What if all staff could be plotted on the same graph and that graph was observable over years of service?
Succession planning is the ongoing analysis of staff growth within an organization and it takes shape in many forms. It allows leaders to assess staff and create long-term skill development plans to ensure there is a continuum of support in all positions. Since it takes years to develop expertise in some roles, having a model that takes staff from one area to another is imperative.
When building succession plans for the pharmacy teams I am part of, we identify team members as either low or high on two dynamics: motivation/interest and knowledge/skill. The metrics are called dynamics since their scores change year over year and looking at our chart once or twice per year keeps us focused.
Plotting these dynamics against each other allows us to develop a consistent framework for where people currently reside in their role and helps us provide the training they need to get them to their future potential more successfully. The chart comparing the two dynamics can be broken into four quadrants, A, B, C and D. By placing staff names in the appropriate quadrant, we can deduce where individuals are. The chart also gives leaders a picture of where the team is overall. It helps identify what we need internally before searching elsewhere.
GOAL: develop as many As as possible!
‘A’ people --- The more As on the team, the better.
These people are at their peak or will be continually pushing beyond their peak. They may be used as trainers for other staff. They are go-to people that take on responsibility and independence. They enable progress.
‘B’ people --- Need your attention.
They may be bored, ready for a new assignment, distracted by something going on personally or perhaps feel overwhelmed. Either way, they need their leader to ask open-ended questions. Due to their high potential, they sometimes re-motivate themselves once someone acknowledges that they are dealing with something. Other times, they simply need to work on something different or be given autonomy to try it another way. For some reason of another, they are currently under-utilized. Figure out why and they may slide into A.
‘C’ people --- I’m new here.
The Cs are newer to their roles or have recently taken on a task that is challenging them in a manner they have not been before.
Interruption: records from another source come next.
(* For all integers $m,n\ge 0$ and every $\sigma>0$, $$0<\Lambda_{m,n}(\sigma)-\Lambda_{m,n}(0)<\frac{4}{r}\sigma .$$
   Context: Fix $r>0$ (the inradius of an equilateral triangle $T$). For integers $m,n\ge0$ and $\sigma\ge0$, let $(L,M,N)$ with $L\in(-\pi/2,0]$ and $M,N\in[0,\pi/2)$ be the unique solution of the system $$\big(2L-M-N-(m+n)\pi\big)\tan L=3r\sigma,\quad \big(2M-N-L+m\pi\big)\tan M=3r\sigma,\quad \big(2N-L-M+n\pi\big)\tan N=3r\sigma .$$ Set $\mu=\frac{2M-N-L}{\pi}+m$, $\nu=\frac{2N-L-M}{\pi}+n$, and $\Lambda_{m,n}(\sigma)=\frac{4\pi^2}{27r^2}(\mu^2+\mu\nu+\nu^2)$. In particular $\Lambda_{m,n}(0)=\frac{4\pi^2}{27r^2}(m^2+mn+n^2)$. (By McCartin's theorem the Robin spectrum of $T$ with parameter $\sigma$ consists of the numbers $\Lambda_{m,n}(\sigma)$, $0\le m\le n$, with $\Lambda_{m,n}$ counted twice for $m<n$ and once for $m=n$.) *)

theory Defs
  imports Complex_Main
begin

text \<open>The system determining (L,M,N) for inradius r, integers m n, and Robin parameter sigma.\<close>
definition robin_sys :: "real \<Rightarrow> nat \<Rightarrow> nat \<Rightarrow> real \<Rightarrow> real \<times> real \<times> real \<Rightarrow> bool" where
  "robin_sys r m n \<sigma> LMN \<longleftrightarrow> (case LMN of (L, M, N) \<Rightarrow>
     L \<in> {-pi/2<..0} \<and> M \<in> {0..<pi/2} \<and> N \<in> {0..<pi/2} \<and>
     (2*L - M - N - (real m + real n) * pi) * tan L = 3 * r * \<sigma> \<and>
     (2*M - N - L + real m * pi) * tan M = 3 * r * \<sigma> \<and>
     (2*N - L - M + real n * pi) * tan N = 3 * r * \<sigma>)"

text \<open>The unique solution (uniqueness is a standing fact from the paper).\<close>
definition robin_LMN :: "real \<Rightarrow> nat \<Rightarrow> nat \<Rightarrow> real \<Rightarrow> real \<times> real \<times> real" where
  "robin_LMN r m n \<sigma> = (THE LMN. robin_sys r m n \<sigma> LMN)"

definition robin_Lambda :: "real \<Rightarrow> nat \<Rightarrow> nat \<Rightarrow> real \<Rightarrow> real" where
  "robin_Lambda r m n \<sigma> = (case robin_LMN r m n \<sigma> of (L, M, N) \<Rightarrow>
     let \<mu> = (2*M - N - L) / pi + real m;
         \<nu> = (2*N - L - M) / pi + real n
     in 4 * pi^2 / (27 * r^2) * (\<mu>^2 + \<mu>*\<nu> + \<nu>^2))"

end
lemma overpartition_convolution_theta:
  "(\<Sum>i=0..n. (-1) ^ i * int (pbar i) * theta $ (n - i)) = (if n = 0 then 1 else (0::int))"
proof -
  have "(-1) ^ n * (overpartitions_le_fps n $ i * theta_neg $ (n - i))
      = (-1) ^ i * int (pbar i) * theta $ (n - i)" if "i \<in> {0..n}" for i
  proof -
    have "(-1) ^ n * (overpartitions_le_fps n $ i * theta_neg $ (n - i))
        = ((-1) ^ n * (-1) ^ (n - i)) * int (pbar i) * theta $ (n - i)"
      using that by (simp add: overpartitions_le_fps_def theta_neg_def pbar_def
          overpartitions_le_self mult_ac)
    then show ?thesis
      using that by (simp add: neg_one_power_mult_power_diff)
  qed
  then have "(\<Sum>i=0..n. (-1) ^ i * int (pbar i) * theta $ (n - i))
      = (-1) ^ n * (\<Sum>i=0..n. overpartitions_le_fps n $ i * theta_neg $ (n - i))"
    by (simp add: sum_distrib_left)
  also have "(\<Sum>i=0..n. overpartitions_le_fps n $ i * theta_neg $ (n - i)) = (1 :: int fps) $ n"
    using fps_cutoff_overpartitions_le_fps_mult_theta_neg[of n]
    by (simp add: fps_cutoff_eq_fps_cutoff_iff fps_mult_nth[symmetric])
  finally show ?thesis
    by simp
qed

theorem overpartition_fps_mult_theta:
  "(Abs_fps (\<lambda>n. (-1) ^ n * of_nat (pbar n)) :: 'a::comm_ring_1 fps) * theta = 1"
proof (rule fps_ext)
  fix n
  have "(Abs_fps (\<lambda>n. (-1) ^ n * of_nat (pbar n)) * theta :: 'a fps) $ n
      = of_int (\<Sum>i=0..n. (-1) ^ i * int (pbar i) * theta $ (n - i))"
    by (simp add: fps_mult_nth theta_def)
  then show "(Abs_fps (\<lambda>n. (-1) ^ n * of_nat (pbar n)) * theta :: 'a fps) $ n = (1 :: 'a fps) $ n"
    by (simp add: overpartition_convolution_theta)
qed

section \<open>Congruences modulo 5\<close>

interpretation theta_5: theta_mod_5 "theta :: 5 fps"
  by unfold_locales (simp_all add: theta_section_0 theta_section_2_3 theta_squared)

lemma pbar_5_times_25_power_mod_5:
  assumes "r = 1 \<or> r = 4" and "k \<ge> 1"
  shows "pbar (5 * (25 ^ k * (5 * n + r))) mod 5 = 0"
proof -
  define G :: "5 fps" where "G = Abs_fps (\<lambda>n. (-1) ^ n * of_nat (pbar n))"
  define M where "M = 25 ^ k * (5 * n + r)"
  have "fps_section 5 0 G = theta ^ 3"
    using overpartition_fps_mult_theta fps_mod_5_power_5
    by (intro theta_5.section_0_inverse) (simp_all add: G_def)
  then have "G $ (5 * M) = 0"
    using theta_5.cube_coeff_vanishing[OF assms] fps_section_nth[of 5 0 G M] by (simp add: M_def)
  then have "(of_nat (pbar (5 * M)) :: 5) = 0"
    by (cases "even (5 * M)") (simp_all add: G_def)
  then show ?thesis
    by (simp add: M_def of_nat_eq_0_iff_char_dvd)
qed

theorem theorem3:
  fixes \<alpha> n :: nat
  assumes "\<alpha> \<ge> 1"
  shows "pbar (5 ^ (2 * \<alpha> + 1) * (5 * n + 1)) mod 5 = 0
       \<and> pbar (5 ^ (2 * \<alpha> + 1) * (5 * n + 4)) mod 5 = 0"
proof -
  have "5 ^ (2 * \<alpha> + 1) = 5 * (25 :: nat) ^ \<alpha>"
    by (simp add: power_mult)
  then have "pbar (5 ^ (2 * \<alpha> + 1) * (5 * n + r)) mod 5 = 0" if "r = 1 \<or> r = 4" for r
    using pbar_5_times_25_power_mod_5[OF that assms] by (simp only: mult.assoc)
  from this[of 1] this[of 4] show ?thesis
    by simp
qed

end
lemma waterfill_policy_le_plus:
  assumes "h \<in> state_space" "w \<le> v + e" "v' \<le> w'" "0 \<le> e"
  shows "waterfill_policy \<sigma>2 E g g' w w' h \<le> waterfill_policy \<sigma>2 E g g' v v' h + e"
proof -
  have "waterfill v' (\<sigma>2 / g' h) \<le> waterfill w' (\<sigma>2 / g' h)"
    using assms(3) waterfill_le_plus[of v' _ w' _ 0] by simp
  then have "waterfill v' (\<sigma>2 / g' h) * g' h * indicator E h
      \<le> waterfill w' (\<sigma>2 / g' h) * g' h * indicator E h"
    using gains_pos[OF assms(1)] by (intro mult_right_mono) (auto simp: indicator_def)
  then have "(\<sigma>2 + waterfill v' (\<sigma>2 / g' h) * g' h * indicator E h) / g h
      \<le> (\<sigma>2 + waterfill w' (\<sigma>2 / g' h) * g' h * indicator E h) / g h"
    using gains_pos[OF assms(1)] by (intro divide_right_mono) auto
  then show ?thesis
    unfolding waterfill_policy_def using assms(2,4) by (intro waterfill_le_plus) auto
qed

lemma expect_waterfill_policy:
  "expect f (waterfill_policy \<sigma>2 E g g' w w') = ennreal (policy_mean f \<sigma>2 E g g' w w')"
  using expect_bounded(2)[OF waterfill_policy_le_level] by (simp add: policy_mean_def less_top)

lemma feasible_waterfill_policy:
  "feasible f (policy_mean f \<sigma>2 E g g' w w') (waterfill_policy \<sigma>2 E g g' w w')"
  using expect_waterfill_policy waterfill_policy_nonneg by (simp add: feasible_def expect_def)

lemma policy_mean_le_plus:
  assumes "w \<le> v + e" "v' \<le> w'" "0 \<le> e"
  shows "policy_mean f \<sigma>2 E g g' w w' \<le> policy_mean f \<sigma>2 E g g' v v' + e"
  unfolding policy_mean_def using waterfill_policy_nonneg waterfill_policy_le_level waterfill_policy_le_plus assms
  by (intro enn2real_expect_le_plus_const) auto

lemma mean_power_map_policy_mean: "mean_power_map (policy_mean f \<sigma>2 E g g')"
proof
  show "mono (\<lambda>w. policy_mean f \<sigma>2 E g g' w w')" for w'
    using policy_mean_le_plus[of _ _ 0] by (auto intro: monoI)
  show "antimono (policy_mean f \<sigma>2 E g g' w)" for w
    using policy_mean_le_plus[of _ _ 0] by (auto intro: antimonoI)
  show "1-lipschitz_on UNIV (\<lambda>w. policy_mean f \<sigma>2 E g g' w w')" for w'
  proof (rule lipschitz_onI)
    fix x y :: real
    have "x \<le> y + \<bar>x - y\<bar>" "y \<le> x + \<bar>x - y\<bar>" by arith+
    then show "dist (policy_mean f \<sigma>2 E g g' x w') (policy_mean f \<sigma>2 E g g' y w') \<le> 1 * dist x y"
      using policy_mean_le_plus[of x y "\<bar>x - y\<bar>" w' w'] policy_mean_le_plus[of y x "\<bar>x - y\<bar>" w' w']
      by (simp add: dist_real_def abs_le_iff)
  qed simp
  show "policy_mean f \<sigma>2 E g g' w w' \<le> max 0 w" for w w'
    unfolding policy_mean_def using expect_bounded(1)[OF waterfill_policy_le_level]
    by (intro enn2real_leI) auto
qed

lemma waterfill_floor_le_policies:
  assumes "h \<in> state_space" "0 < d" "d \<le> g h" "g' h \<le> M"
  shows "waterfill w (\<sigma>2 / d)
    \<le> waterfill_policy \<sigma>2 E g g' w w' h + M / d * waterfill_policy \<sigma>2 (- E) g' g w' v h"
proof -
  define u where "u = waterfill_policy \<sigma>2 (- E) g' g w' v h"
  have "0 \<le> u" by (simp add: u_def waterfill_policy_nonneg)
  have "u * g' h * indicator E h \<le> M * u"
    using assms(4) gains_pos[OF assms(1)] \<open>0 \<le> u\<close> mult_left_mono[of "g' h" M u]
    by (auto simp: indicator_def mult.commute)
  then have "(\<sigma>2 + u * g' h * indicator E h) / g h \<le> (\<sigma>2 + M * u) / d"
    using assms(2-4) gains_pos[OF assms(1)] \<open>0 \<le> u\<close> noise_pos by (intro frac_le) auto
  also have "\<dots> = \<sigma>2 / d + M / d * u" by (simp add: add_divide_distrib)
  finally show ?thesis
    unfolding waterfill_policy_against_other[of _ _ _ _ w w' h v] u_def[symmetric]
    using assms gains_pos[OF assms(1)] \<open>0 \<le> u\<close>
    by (intro waterfill_le_plus) (auto intro: order_trans[OF _ assms(4)])
qed

lemma policy_mean_growth:
  assumes "0 < d" "0 \<le> M" "K \<in> sets borel" "\<And>h. h \<in> K \<Longrightarrow> d \<le> g h \<and> g' h \<le> M"
    and "expect f (indicator K) = ennreal p" "0 \<le> p"
  shows "p * (w - \<sigma>2 / d)
    \<le> policy_mean f \<sigma>2 E g g' w w' + M / d * policy_mean f \<sigma>2 (- E) g' g w' v"
proof -
  interpret other: waterfilling_pair f \<sigma>2 "- E" g' g by (rule swap_users)
  define c where "c = waterfill w (\<sigma>2 / d)"
  let ?P = "waterfill_policy \<sigma>2 E g g' w w'" and ?P' = "waterfill_policy \<sigma>2 (- E) g' g w' v"
  let ?F = "policy_mean f \<sigma>2 E g g' w w'" and ?F' = "policy_mean f \<sigma>2 (- E) g' g w' v"
  have "0 \<le> c" by (simp add: c_def waterfill_nonneg)
  have "0 \<le> M / d" using assms(1,2) by simp
  have "0 \<le> ?P h + M / d * ?P' h" for h
    using \<open>0 \<le> M / d\<close> by (intro add_nonneg_nonneg mult_nonneg_nonneg waterfill_policy_nonneg)
  then have pointwise: "c * indicator K h \<le> ?P h + M / d * ?P' h" if "h \<in> state_space" for h
    using waterfill_floor_le_policies[OF that \<open>0 < d\<close>] assms(4)
    by (cases "h \<in> K") (auto simp: c_def)
  have "ennreal (c * p) = expect f (\<lambda>h. c * indicator K h)"
    using assms(3,5) \<open>0 \<le> c\<close> by (simp add: expect_cmult ennreal_mult')
  also have "\<dots> \<le> expect f (\<lambda>h. ?P h + M / d * ?P' h)"
    using pointwise by (rule expect_mono)
  also have "\<dots> = ennreal ?F + ennreal (M / d) * ennreal ?F'"
    using \<open>0 \<le> M / d\<close> waterfill_policy_nonneg
    unfolding expect_waterfill_policy[symmetric] other.expect_waterfill_policy[symmetric]
    by (intro expect_add_cmult) auto
  also have "\<dots> = ennreal (?F + M / d * ?F')"
    using \<open>0 \<le> M / d\<close> by (simp add: policy_mean_def ennreal_mult' del: times_divide_eq_left)
  finally have "c * p \<le> ?F + M / d * ?F'"
    using \<open>0 \<le> M / d\<close> ennreal_le_iff[of "?F + M / d * ?F'"]
    by (simp add: policy_mean_def mult_nonneg_nonneg del: times_divide_eq_left)
  moreover have "p * (w - \<sigma>2 / d) \<le> c * p"
    using \<open>0 \<le> p\<close> by (simp add: c_def waterfill_def mult_left_mono mult.commute)
  ultimately show ?thesis by linarith
qed

end

context fading_channel
begin

lemma waterfilling_pair_users:
  assumes "0 < \<sigma>2" "D \<in> sets borel"
  shows "waterfilling_pair f \<sigma>2 D fst snd" "waterfilling_pair f \<sigma>2 (- D) snd fst"
proof -
  show user1: "waterfilling_pair f \<sigma>2 D fst snd"
    using assms by unfold_locales (auto simp: density state_space_def)
  show "waterfilling_pair f \<sigma>2 (- D) snd fst"
    using waterfilling_pair.swap_users[OF user1] .
qed

lemma joint_waterfilling_levels_exist:
  assumes "0 < \<sigma>2" "D \<in> sets borel" "0 < Pbar1" "0 < Pbar2"
  shows "\<exists>w1 w2. 0 < w1 \<and> 0 < w2 \<and> policy_mean f \<sigma>2 D fst snd w1 w2 = Pbar1
    \<and> policy_mean f \<sigma>2 (- D) snd fst w2 w1 = Pbar2"
proof -
  interpret user1: waterfilling_pair f \<sigma>2 D fst snd using waterfilling_pair_users[OF assms(1,2)] by simp
  interpret user2: waterfilling_pair f \<sigma>2 "- D" snd fst using waterfilling_pair_users[OF assms(1,2)] by simp
  obtain d M p where "0 < d" "0 < M" "0 < p"
    and square: "expect f (indicator ({d..M} \<times> {d..M})) = ennreal p"
    using square_of_positive_mass by blast
  have square_borel: "{d..M} \<times> {d..M} \<in> sets borel"
    by (intro borel_closed closed_Times) auto
  show ?thesis
  proof (rule joint_levels_exist[OF user1.mean_power_map_policy_mean user2.mean_power_map_policy_mean])
    show "p * (w - \<sigma>2 / d)
      \<le> policy_mean f \<sigma>2 D fst snd w w' + M / d * policy_mean f \<sigma>2 (- D) snd fst w' v"
      for w w' v
      using user1.policy_mean_growth[OF \<open>0 < d\<close> _ square_borel _ square] \<open>0 < M\<close> \<open>0 < p\<close> by auto
    show "p * (w - \<sigma>2 / d)
      \<le> policy_mean f \<sigma>2 (- D) snd fst w w' + M / d * policy_mean f \<sigma>2 D fst snd w' v"
      for w w' v
      using user2.policy_mean_growth[OF \<open>0 < d\<close> _ square_borel _ square] \<open>0 < M\<close> \<open>0 < p\<close> by auto
  qed (use \<open>0 < p\<close> \<open>0 < d\<close> \<open>0 < M\<close> assms in auto)
qed
text \<open>In a mode-\<open>m\<close> Gram matrix \<open>flat\<^sub>m X \<cdot> (flat\<^sub>m Y)\<^sup>T\<close> the rotations of the other
  modes cancel by orthogonality, while \<open>U\<^sub>m\<close> acts by conjugation; so each such Gram matrix
  of the standardized series is \<open>c\<^sup>2 U\<^sub>m G U\<^sub>m\<^sup>T\<close> for the corresponding Gram matrix
  \<open>G\<close> of \<open>Z\<close>. Expectation commutes with the conjugation, hence \<open>U\<^sub>m\<^sup>T \<Sigma> U\<^sub>m\<close>
  and \<open>U\<^sub>m\<^sup>T B U\<^sub>m\<close> are multiples of the corresponding matrices of \<open>Z\<close>. For
  \<open>C\<^sub>i\<^sub>j\<close> the rotation also mixes the indices: off the diagonal,
  \<open>U\<^sub>m\<^sup>T C\<^sub>i\<^sub>j U\<^sub>m\<close> is the combination \<open>\<Sum>\<^sub>k\<^sub>l U\<^sub>i\<^sub>k U\<^sub>j\<^sub>l C\<^sub>k\<^sub>l\<close> of the
  matrices of \<open>Z\<close>, because \<open>\<Sigma>\<^sub>0(Z) = I\<close> makes the correction term of \<open>C\<close>
  transform like the fourth moments.\<close>

section \<open>Multi-indices\<close>

lemma tidx_Cons: "tidx (q # qs) = (\<lambda>(x, xs). x # xs) ` ({..<q} \<times> tidx qs)"
proof (rule Set.set_eqI, rule iffI)
  fix l assume "l \<in> tidx (q # qs)"
  then obtain x xs where "l = x # xs" "x < q" "xs \<in> tidx qs"
    unfolding tidx_def by (cases l) (force, fastforce)
  then show "l \<in> (\<lambda>(x, xs). x # xs) ` ({..<q} \<times> tidx qs)" by force
next
  fix l assume "l \<in> (\<lambda>(x, xs). x # xs) ` ({..<q} \<times> tidx qs)"
  then show "l \<in> tidx (q # qs)" unfolding tidx_def
    by (auto simp: nth_Cons split: nat.splits)
qed

lemma tidx_length: "ix \<in> tidx ps \<Longrightarrow> length ix = length ps"
  unfolding tidx_def by auto

lemma tidx_update: "ix \<in> tidx ps \<Longrightarrow> x < ps ! n \<Longrightarrow> ix[n := x] \<in> tidx ps"
  unfolding tidx_def by (auto simp: nth_list_update) (metis nth_list_update_eq nth_list_update_neq)
(* Assume $V_n^2$ is positive definite and let $$C_{V,f}^2=nh^d\sup_{t\in[-1,1]^d}K(t)^2\,\Psi(t)^\top V_n^{-2}\Psi(t).$$ Let $\boldsymbol\zeta=\nabla L(\theta^* )-\mathbf E\nabla L(\theta^* )$ and $M(\lambda,\gamma)=\log\mathbf E\exp(\lambda\gamma^\top V_n^{-1}\boldsymbol\zeta)$. Then for every $\mathfrak g>0$, every unit vector $\gamma\in\mathbb R^p$ and every $\lambda$ with $|\lambda|\le\mathfrak g$, $$M(\lambda,\gamma)\le\frac{\nu_0^2\lambda^2}{2},\qquad \nu_0^2=p+\frac{16\,\mathfrak g\,C_{V,f}^3}{\sqrt{nh^{3d}}}.$$
   Context: Fix integers $d,p\ge1$, $n\ge1$, $h>0$, $x_0\in\mathbb R^d$. Let $X_1,\dots,X_n$ be i.i.d. in $\mathbb R^d$ with Lebesgue density $f$. Let $K:\mathbb R^d\to[0,\infty)$ be a bounded measurable kernel vanishing outside $[-1,1]^d$, and $\psi_0\equiv1,\psi_1,\dots,\psi_{p-1}$ bounded measurable functions on $[-1,1]^d$; $\Psi(t)=(\psi_0(t),\dots,\psi_{p-1}(t))^\top$. With $T_i=(X_i-x_0)/h$, the local log-likelihood is $L(\theta)=\sum_{i=1}^nK(T_i)\Psi(T_i)^\top\theta-nh^d\int K(t)e^{\Psi(t)^\top\theta}dt$; $\theta^*$ is any fixed parameter (e.g. $\arg\max\mathbf EL$). Note $\nabla L(\theta)-\mathbf E\nabla L(\theta)=\sum_{i=1}^n\big(K(T_i)\Psi(T_i)-\mathbf EK(T_i)\Psi(T_i)\big)$ does not depend on $\theta$. $V_n^2=\mathrm{Var}(\nabla L(\theta^* ))$ and $V_n^{-1}$ is the inverse of its symmetric positive definite square root. *)

theory Defs
  imports "HOL-Probability.Probability"
begin

definition unit_cube :: "(real ^ 'd) set" where
  "unit_cube = cbox (- One) One"

definition symmetric_mat :: "real ^ 'n ^ 'n \<Rightarrow> bool" where
  "symmetric_mat A \<longleftrightarrow> transpose A = A"

definition pos_def_mat :: "real ^ 'n ^ 'n \<Rightarrow> bool" where
  "pos_def_mat A \<longleftrightarrow> symmetric_mat A \<and> (\<forall>x. x \<noteq> 0 \<longrightarrow> x \<bullet> (A *v x) > 0)"

definition cov_mat :: "'a measure \<Rightarrow> ('a \<Rightarrow> real ^ 'p) \<Rightarrow> real ^ 'p ^ 'p" where
  "cov_mat M Z = (\<chi> i j. integral\<^sup>L M (\<lambda>\<omega>.
      (Z \<omega> $ i - integral\<^sup>L M (\<lambda>\<omega>'. Z \<omega>' $ i)) * (Z \<omega> $ j - integral\<^sup>L M (\<lambda>\<omega>'. Z \<omega>' $ j))))"

text \<open>Centered score: zeta = grad L(theta) - E grad L(theta) (independent of theta).\<close>
definition score_centered ::
  "'a measure \<Rightarrow> nat \<Rightarrow> real \<Rightarrow> real ^ 'd \<Rightarrow> (real ^ 'd \<Rightarrow> real) \<Rightarrow> (real ^ 'd \<Rightarrow> real ^ 'p)
    \<Rightarrow> (nat \<Rightarrow> 'a \<Rightarrow> real ^ 'd) \<Rightarrow> 'a \<Rightarrow> real ^ 'p" where
  "score_centered M n h x0 K \<Psi> X \<omega> =
     (\<Sum>i<n. K ((1/h) *\<^sub>R (X i \<omega> - x0)) *\<^sub>R \<Psi> ((1/h) *\<^sub>R (X i \<omega> - x0))
        - integral\<^sup>L M (\<lambda>\<omega>'. K ((1/h) *\<^sub>R (X i \<omega>' - x0)) *\<^sub>R \<Psi> ((1/h) *\<^sub>R (X i \<omega>' - x0))))"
They feel out of sorts and are discovering what it takes to do something well fist hand. They need support, empathy and an opportunity to build goals and expectation with tangible timelines. This may give them comfort in knowing there is a plan and the discomfort is temporary. To move them into A, leaders can reassure them that they are here for a reason and are capable. Monitor and support in a way that is tailored to them.
‘D’ people --- Assess fit.
The Ds are either not suited for the job or need to be reassigned to different responsibility within the organization. They have become part of a Broadway play, but miscast in the script. They have talent that they are choosing not to use and leaders need to uncover why. When leaders diagnose the reasons, they will know what needs to be done.
By now, you have already had visual thoughts of your teammates on the chart. If you chose to ignore these, their failures are your fault. Plot the ABCDs to promote more As and you will have developed a succession plan for them only their leader could have crafted.